Top of Listed records

(* Let $d\ge1$, $\alpha>1$ and $p\in(0,1]$. For every $\zeta>0$ there exist $\theta\in(0,\zeta)$ and $N=N(\theta)\in\mathbb{N}$ such that for every $n>N$, every realization of $\omega_p$, every minimizing path $\pi_n$ for $T_n(\bar\omega_p)$ (with $\bar\omega_p$ built using this $\theta$ and $n$), and every $1\le i\le n$, \[\Delta\pi_n(i)\le n^{\zeta}.\]
   Context: Let $\{\eta(j,x)\}_{(j,x)\in\mathbb{N}\times\mathbb{Z}^d}$ be i.i.d. Bernoulli under $Q$ with $Q(\eta(0,0)=1)=p$. For $p\in(0,1)$ set $s_p=(\log\frac1p)^{1/d}$ and $\omega_p=\sum_{(k,x)\in\mathbb{N}\times\mathbb{Z}^d}(1-\eta(k,x))\delta_{(k,s_px)}$; $\omega_1$ is a Poisson point process on $\mathbb{N}\times\mathbb{R}^d$ with intensity counting measure $\times$ Lebesgue measure. Point measures are identified with their supports. Given $\theta>0$ and $n$, define \[\bar\omega_p=\omega_p+\sum_{(k,x)\in\mathbb{N}\times n^\theta\mathbb{Z}^d}1_{\{\omega_p(\{k\}\times(x+[0,n^\theta)^d))=0\}}\delta_{(k,x)}.\] For a configuration $\omega$, with $|x|_1=\sum_i|x_i|$, $T_n(\omega)=\min\{\sum_{k=1}^n|x_{k-1}-x_k|_1^\alpha:\ x_0=0,\ \{(k,x_k)\}_{k=1}^n\subset\omega\}$, and a minimizing path is a sequence $\pi_n=(\pi_n(1),\dots,\pi_n(n))$ attaining this minimum. With $\pi_n(0)=0$, $\Delta\pi_n(i)=|\pi_n(i)-\pi_n(i-1)|_1$. *)

theory Defs
  imports "HOL-Analysis.Analysis"
begin

text \<open>Points of the space-time configuration live in nat \<times> R^d, with R^d = real ^ 'd
  (d = CARD('d) \<ge> 1). Point measures are identified with their supports (sets).\<close>

definition l1norm :: "real ^ 'd \<Rightarrow> real" where
  "l1norm x = (\<Sum>i\<in>UNIV. \<bar>x $ i\<bar>)"

definition s_p :: "real \<Rightarrow> nat \<Rightarrow> real" where
  "s_p p d = (ln (1 / p)) powr (1 / real d)"

text \<open>Support of omega_p for a realization eta of the Bernoulli field (p < 1).\<close>
definition omega_lattice :: "real \<Rightarrow> ((nat \<times> (int ^ 'd)) \<Rightarrow> bool) \<Rightarrow> (nat \<times> (real ^ 'd)) set" where
  "omega_lattice p eta =
     {(k, s_p p CARD('d) *\<^sub>R (\<chi> i. real_of_int (x $ i))) | k x. \<not> eta (k, x)}"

Bottom of Listed records

== What the task asks ==
What lines in the listing contain "CARD"? Copy them all.

== Result of this exercise ==
  (d = CARD('d) \<ge> 1). Point measures are identified with their supports (sets).\<close>
     {(k, s_p p CARD('d) *\<^sub>R (\<chi> i. real_of_int (x $ i))) | k x. \<not> eta (k, x)}"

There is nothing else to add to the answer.